Recorded data
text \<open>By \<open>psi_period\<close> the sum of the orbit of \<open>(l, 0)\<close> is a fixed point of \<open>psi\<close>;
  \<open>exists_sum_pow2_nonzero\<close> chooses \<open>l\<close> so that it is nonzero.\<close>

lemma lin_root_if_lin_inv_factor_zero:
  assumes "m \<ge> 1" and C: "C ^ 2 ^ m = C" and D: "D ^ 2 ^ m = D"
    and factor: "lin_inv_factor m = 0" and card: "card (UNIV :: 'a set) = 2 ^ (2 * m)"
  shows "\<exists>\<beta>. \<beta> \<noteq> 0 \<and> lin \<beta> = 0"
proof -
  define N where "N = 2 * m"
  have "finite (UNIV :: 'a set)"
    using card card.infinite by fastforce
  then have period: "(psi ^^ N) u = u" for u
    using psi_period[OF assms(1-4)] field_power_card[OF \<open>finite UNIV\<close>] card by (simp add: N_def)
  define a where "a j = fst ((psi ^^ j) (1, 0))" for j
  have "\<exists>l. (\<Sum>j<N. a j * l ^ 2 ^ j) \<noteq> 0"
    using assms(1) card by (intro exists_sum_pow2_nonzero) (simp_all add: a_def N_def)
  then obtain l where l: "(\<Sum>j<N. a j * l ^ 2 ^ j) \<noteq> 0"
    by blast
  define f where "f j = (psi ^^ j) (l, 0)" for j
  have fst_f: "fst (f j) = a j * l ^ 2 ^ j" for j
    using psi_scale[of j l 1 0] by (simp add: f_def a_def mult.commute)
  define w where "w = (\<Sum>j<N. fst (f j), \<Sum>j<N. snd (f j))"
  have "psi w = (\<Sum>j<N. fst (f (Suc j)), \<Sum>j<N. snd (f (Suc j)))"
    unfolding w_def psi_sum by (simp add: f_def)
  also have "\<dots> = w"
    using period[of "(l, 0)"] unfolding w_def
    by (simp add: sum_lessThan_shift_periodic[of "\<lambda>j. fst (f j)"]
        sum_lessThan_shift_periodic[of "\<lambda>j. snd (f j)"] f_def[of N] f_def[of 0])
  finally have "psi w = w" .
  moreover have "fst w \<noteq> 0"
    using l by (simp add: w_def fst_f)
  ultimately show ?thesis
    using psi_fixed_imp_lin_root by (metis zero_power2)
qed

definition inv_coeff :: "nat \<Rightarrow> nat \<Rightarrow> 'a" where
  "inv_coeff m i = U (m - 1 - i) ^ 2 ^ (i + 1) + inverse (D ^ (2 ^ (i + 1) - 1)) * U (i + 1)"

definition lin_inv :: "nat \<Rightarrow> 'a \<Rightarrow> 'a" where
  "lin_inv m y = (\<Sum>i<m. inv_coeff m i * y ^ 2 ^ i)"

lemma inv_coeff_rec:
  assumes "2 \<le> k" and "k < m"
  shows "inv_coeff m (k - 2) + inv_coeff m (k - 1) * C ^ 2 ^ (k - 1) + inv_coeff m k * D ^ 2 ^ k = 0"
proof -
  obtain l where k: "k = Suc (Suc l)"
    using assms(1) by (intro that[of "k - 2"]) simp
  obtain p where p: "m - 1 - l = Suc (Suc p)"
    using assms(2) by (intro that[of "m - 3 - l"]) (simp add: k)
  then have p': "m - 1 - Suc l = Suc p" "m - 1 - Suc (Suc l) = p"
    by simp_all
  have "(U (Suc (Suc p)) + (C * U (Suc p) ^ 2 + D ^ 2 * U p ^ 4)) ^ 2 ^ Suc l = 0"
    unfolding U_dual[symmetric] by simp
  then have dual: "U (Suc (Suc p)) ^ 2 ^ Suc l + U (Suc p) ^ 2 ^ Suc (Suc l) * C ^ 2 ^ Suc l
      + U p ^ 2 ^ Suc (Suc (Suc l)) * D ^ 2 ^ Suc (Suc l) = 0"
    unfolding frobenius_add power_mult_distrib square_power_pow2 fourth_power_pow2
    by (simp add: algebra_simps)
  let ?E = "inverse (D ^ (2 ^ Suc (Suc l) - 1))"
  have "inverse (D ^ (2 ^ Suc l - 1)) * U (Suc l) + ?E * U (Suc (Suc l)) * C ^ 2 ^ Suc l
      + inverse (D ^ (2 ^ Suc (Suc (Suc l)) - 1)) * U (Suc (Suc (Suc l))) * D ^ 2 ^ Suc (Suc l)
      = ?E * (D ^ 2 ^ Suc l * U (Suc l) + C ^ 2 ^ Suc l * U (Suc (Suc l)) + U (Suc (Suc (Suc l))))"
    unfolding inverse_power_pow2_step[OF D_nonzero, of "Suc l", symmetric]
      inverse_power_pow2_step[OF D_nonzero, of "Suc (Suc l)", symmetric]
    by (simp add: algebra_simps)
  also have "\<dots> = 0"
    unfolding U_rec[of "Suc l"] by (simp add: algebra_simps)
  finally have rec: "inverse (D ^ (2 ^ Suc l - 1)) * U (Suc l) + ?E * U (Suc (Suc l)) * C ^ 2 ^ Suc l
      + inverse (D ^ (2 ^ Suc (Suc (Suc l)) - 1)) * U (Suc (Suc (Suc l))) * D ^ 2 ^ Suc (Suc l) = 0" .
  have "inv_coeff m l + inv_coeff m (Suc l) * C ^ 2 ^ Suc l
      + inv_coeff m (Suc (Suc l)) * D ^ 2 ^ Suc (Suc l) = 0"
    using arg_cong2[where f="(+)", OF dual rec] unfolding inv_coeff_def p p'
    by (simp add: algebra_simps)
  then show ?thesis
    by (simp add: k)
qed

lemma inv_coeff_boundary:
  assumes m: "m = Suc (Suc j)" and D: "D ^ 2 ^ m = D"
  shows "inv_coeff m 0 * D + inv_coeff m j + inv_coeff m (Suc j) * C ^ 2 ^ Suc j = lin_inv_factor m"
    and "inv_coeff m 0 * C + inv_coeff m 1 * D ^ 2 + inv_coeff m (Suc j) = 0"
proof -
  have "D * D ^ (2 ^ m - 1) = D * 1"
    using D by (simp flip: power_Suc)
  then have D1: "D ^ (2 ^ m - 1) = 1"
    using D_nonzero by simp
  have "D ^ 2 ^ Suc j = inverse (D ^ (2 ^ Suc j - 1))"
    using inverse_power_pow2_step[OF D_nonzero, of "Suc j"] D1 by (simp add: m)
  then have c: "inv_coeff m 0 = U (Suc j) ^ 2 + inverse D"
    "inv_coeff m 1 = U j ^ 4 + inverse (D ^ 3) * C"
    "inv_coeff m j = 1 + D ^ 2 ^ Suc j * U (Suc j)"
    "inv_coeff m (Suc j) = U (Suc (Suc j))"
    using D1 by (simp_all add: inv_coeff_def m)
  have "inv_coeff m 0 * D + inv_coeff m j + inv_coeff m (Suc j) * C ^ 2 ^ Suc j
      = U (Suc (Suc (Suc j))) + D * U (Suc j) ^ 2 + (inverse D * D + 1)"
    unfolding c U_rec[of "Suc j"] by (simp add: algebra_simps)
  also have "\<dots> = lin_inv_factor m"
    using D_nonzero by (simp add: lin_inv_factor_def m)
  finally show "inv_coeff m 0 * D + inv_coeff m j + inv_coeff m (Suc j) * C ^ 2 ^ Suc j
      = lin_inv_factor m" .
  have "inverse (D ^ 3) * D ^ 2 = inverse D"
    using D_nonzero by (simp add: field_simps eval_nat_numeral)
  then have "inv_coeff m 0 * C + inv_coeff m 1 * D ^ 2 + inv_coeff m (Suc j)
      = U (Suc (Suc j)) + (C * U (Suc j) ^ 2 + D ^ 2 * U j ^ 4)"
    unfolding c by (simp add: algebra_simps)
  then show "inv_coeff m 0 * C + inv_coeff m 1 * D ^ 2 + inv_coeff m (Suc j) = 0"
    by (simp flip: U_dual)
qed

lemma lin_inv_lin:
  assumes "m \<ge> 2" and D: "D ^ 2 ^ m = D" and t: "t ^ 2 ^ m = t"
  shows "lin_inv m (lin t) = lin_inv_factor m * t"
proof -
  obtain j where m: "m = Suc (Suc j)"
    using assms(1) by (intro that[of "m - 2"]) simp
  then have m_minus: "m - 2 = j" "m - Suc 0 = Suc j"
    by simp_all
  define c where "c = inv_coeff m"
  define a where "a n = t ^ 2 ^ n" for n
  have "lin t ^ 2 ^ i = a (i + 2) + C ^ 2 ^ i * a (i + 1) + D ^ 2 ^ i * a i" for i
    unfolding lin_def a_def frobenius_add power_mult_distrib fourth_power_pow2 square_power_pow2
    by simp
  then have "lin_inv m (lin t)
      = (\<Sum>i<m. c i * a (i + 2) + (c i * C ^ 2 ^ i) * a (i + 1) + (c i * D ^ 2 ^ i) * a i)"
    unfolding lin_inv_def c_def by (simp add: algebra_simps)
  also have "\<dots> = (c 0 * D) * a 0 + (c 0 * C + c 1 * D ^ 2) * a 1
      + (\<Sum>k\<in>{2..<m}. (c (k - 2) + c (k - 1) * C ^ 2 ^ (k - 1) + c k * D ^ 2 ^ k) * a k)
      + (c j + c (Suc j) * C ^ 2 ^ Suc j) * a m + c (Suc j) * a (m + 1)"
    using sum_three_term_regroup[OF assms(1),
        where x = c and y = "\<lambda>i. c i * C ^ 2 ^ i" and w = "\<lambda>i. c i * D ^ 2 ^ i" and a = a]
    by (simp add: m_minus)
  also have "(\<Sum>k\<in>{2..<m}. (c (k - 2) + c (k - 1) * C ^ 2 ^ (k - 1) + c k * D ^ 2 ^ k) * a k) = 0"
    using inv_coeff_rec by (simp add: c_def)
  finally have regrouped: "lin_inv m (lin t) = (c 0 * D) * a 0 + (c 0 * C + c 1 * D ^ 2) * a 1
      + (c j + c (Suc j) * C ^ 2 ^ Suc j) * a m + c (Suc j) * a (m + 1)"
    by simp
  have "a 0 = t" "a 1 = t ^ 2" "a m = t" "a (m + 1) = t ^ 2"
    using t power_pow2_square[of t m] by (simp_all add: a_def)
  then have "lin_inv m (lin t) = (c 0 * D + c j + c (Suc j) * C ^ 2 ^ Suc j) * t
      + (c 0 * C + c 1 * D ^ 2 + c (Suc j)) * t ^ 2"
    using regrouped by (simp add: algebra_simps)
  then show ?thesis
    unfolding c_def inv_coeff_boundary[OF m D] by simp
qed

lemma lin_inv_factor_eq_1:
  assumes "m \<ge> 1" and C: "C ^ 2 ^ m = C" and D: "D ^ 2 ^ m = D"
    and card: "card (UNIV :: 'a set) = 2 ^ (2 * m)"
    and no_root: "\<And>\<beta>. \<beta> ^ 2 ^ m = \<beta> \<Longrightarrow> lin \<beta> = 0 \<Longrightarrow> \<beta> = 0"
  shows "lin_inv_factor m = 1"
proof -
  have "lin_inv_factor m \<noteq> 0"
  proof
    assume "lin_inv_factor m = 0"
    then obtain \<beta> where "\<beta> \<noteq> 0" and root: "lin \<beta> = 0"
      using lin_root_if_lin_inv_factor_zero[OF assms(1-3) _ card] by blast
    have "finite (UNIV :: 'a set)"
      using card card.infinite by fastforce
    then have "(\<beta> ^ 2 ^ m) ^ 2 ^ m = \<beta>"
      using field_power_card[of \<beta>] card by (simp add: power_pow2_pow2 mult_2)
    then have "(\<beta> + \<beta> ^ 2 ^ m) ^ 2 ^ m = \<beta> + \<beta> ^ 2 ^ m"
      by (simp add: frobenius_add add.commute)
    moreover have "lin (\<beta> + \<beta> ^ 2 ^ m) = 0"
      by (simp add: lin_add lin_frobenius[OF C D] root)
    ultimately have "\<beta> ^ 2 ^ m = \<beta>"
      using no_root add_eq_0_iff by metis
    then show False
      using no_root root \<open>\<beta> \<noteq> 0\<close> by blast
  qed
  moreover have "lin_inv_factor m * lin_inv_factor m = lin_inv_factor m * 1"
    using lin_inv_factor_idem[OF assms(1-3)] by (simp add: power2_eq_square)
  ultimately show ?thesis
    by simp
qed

> _TASK DETAILS_
Find every line of the data that holds the string "also", then say how many there are and nothing else.

> _ANSWER BELOW_
5